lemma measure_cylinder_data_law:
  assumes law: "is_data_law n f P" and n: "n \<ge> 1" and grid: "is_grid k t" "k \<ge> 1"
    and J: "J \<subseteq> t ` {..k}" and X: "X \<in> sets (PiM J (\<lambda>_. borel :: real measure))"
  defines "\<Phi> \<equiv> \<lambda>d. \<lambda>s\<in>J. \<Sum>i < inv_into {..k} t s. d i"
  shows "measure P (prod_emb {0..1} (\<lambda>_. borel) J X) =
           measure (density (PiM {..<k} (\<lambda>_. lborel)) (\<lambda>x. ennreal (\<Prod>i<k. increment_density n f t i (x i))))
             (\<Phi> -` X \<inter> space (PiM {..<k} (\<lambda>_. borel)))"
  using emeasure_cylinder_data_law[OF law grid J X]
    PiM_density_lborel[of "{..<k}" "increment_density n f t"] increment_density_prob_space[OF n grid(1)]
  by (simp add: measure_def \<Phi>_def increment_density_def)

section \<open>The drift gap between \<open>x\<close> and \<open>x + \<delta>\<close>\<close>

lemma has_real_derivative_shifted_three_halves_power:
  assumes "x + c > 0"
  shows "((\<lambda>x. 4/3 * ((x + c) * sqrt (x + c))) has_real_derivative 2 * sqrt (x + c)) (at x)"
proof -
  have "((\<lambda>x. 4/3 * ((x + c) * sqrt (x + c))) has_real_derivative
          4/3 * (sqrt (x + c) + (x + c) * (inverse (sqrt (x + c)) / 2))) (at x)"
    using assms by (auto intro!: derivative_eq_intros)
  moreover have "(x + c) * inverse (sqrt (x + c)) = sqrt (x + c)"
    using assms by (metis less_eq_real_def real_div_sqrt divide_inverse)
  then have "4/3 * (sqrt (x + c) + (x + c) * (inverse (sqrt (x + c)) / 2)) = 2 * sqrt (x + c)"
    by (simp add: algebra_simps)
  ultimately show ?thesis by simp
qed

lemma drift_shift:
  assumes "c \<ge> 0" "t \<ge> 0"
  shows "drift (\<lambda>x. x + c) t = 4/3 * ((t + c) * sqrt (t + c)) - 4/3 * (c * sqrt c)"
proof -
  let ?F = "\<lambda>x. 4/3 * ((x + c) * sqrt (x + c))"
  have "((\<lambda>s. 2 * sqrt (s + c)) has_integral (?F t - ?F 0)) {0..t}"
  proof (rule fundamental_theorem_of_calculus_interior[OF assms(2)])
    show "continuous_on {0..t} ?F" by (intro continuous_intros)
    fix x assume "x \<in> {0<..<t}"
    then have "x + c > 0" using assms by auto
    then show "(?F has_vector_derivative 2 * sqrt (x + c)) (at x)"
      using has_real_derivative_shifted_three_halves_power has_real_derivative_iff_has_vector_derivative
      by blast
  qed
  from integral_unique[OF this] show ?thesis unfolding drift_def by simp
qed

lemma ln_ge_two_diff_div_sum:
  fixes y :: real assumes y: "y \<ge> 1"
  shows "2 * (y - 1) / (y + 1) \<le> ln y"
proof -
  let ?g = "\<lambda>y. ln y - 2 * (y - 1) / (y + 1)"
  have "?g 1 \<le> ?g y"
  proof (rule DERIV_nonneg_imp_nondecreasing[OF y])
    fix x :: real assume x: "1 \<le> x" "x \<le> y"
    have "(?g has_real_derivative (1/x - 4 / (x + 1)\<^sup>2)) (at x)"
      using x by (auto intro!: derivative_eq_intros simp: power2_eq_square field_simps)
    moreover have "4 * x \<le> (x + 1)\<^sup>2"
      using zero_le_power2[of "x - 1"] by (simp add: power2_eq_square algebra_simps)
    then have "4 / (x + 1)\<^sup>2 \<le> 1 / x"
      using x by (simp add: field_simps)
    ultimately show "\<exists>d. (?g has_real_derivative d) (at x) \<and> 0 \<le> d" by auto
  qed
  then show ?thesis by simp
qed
* * *
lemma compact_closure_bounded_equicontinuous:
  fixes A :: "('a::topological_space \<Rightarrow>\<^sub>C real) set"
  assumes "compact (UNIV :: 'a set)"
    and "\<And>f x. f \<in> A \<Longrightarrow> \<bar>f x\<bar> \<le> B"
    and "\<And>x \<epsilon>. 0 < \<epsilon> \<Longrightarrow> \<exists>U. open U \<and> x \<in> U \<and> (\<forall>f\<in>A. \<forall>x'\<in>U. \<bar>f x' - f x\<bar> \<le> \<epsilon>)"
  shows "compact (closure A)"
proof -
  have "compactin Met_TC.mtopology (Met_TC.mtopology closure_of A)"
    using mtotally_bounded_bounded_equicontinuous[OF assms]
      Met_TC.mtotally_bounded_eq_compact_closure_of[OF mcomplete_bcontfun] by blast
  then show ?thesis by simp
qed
---
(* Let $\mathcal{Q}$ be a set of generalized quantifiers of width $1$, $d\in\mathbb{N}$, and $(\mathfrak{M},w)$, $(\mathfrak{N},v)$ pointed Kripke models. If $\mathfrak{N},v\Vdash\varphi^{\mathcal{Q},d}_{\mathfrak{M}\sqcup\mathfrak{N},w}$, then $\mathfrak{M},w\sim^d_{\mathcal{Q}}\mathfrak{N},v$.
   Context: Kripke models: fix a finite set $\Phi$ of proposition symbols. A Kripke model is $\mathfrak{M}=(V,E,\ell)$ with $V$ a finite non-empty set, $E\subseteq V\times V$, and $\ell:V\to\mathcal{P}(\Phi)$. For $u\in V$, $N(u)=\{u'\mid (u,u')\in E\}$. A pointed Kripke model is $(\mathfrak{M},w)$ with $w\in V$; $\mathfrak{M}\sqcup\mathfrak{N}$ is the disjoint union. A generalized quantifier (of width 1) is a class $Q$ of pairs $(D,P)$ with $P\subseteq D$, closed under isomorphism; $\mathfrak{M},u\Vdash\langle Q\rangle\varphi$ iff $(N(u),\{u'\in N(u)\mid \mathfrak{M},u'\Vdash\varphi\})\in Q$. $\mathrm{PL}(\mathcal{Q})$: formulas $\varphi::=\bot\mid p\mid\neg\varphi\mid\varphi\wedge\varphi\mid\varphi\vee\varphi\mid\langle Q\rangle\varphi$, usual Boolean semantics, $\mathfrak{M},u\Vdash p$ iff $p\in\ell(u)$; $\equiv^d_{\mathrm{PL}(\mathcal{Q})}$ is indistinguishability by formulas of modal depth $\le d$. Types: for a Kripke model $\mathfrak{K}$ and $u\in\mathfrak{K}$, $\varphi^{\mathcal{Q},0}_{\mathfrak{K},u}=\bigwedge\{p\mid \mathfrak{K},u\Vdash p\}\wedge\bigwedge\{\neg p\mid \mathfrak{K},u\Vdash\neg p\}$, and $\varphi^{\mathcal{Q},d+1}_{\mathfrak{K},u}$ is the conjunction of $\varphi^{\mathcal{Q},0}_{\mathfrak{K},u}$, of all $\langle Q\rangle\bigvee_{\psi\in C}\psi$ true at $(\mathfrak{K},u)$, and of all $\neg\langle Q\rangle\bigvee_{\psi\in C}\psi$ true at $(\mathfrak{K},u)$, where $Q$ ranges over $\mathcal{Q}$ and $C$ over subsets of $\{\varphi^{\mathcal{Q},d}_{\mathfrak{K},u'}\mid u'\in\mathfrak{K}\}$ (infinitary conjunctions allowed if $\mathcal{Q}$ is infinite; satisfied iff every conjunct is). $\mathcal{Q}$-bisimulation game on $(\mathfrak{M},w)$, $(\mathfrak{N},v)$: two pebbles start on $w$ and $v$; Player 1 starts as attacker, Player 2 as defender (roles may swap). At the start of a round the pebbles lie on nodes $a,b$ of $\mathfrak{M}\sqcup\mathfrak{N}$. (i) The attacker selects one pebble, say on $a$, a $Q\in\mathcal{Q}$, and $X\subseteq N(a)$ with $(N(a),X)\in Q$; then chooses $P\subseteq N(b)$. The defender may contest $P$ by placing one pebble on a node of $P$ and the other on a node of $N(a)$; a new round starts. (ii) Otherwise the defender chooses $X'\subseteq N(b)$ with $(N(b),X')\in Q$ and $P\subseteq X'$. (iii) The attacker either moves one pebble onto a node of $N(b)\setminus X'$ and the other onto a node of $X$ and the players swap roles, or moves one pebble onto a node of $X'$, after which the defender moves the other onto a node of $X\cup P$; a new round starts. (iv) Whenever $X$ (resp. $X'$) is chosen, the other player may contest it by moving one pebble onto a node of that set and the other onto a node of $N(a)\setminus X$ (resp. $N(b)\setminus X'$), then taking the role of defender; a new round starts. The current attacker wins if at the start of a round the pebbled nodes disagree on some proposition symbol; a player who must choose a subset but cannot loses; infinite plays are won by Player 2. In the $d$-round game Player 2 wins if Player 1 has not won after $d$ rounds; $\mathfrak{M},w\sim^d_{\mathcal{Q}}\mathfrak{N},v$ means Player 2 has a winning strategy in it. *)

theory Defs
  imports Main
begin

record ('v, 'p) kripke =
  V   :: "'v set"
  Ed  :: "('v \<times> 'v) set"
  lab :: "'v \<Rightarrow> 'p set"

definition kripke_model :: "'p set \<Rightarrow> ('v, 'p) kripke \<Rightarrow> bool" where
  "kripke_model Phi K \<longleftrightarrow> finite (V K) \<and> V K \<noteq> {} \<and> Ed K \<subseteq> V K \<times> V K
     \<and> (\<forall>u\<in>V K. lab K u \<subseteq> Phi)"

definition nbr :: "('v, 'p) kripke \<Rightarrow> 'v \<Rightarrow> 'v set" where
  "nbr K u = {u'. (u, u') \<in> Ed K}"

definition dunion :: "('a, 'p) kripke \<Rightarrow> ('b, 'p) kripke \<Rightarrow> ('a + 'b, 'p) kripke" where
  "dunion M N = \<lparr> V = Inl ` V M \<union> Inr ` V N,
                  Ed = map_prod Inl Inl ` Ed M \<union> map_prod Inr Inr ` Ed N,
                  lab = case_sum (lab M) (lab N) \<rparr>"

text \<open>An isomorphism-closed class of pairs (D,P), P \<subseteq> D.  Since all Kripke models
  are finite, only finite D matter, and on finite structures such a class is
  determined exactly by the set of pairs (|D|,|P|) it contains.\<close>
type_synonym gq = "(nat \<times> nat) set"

* [How to complete this task] Working from the material above, retype exactly the lines from the one with "assms by auto" through the one with "fix x :: real", both included, and only those lines.

* [Expected answer]
    then have "x + c > 0" using assms by auto
    then show "(?F has_vector_derivative 2 * sqrt (x + c)) (at x)"
      using has_real_derivative_shifted_three_halves_power has_real_derivative_iff_has_vector_derivative
      by blast
  qed
  from integral_unique[OF this] show ?thesis unfolding drift_def by simp
qed

lemma ln_ge_two_diff_div_sum:
  fixes y :: real assumes y: "y \<ge> 1"
  shows "2 * (y - 1) / (y + 1) \<le> ln y"
proof -
  let ?g = "\<lambda>y. ln y - 2 * (y - 1) / (y + 1)"
  have "?g 1 \<le> ?g y"
  proof (rule DERIV_nonneg_imp_nondecreasing[OF y])
    fix x :: real assume x: "1 \<le> x" "x \<le> y"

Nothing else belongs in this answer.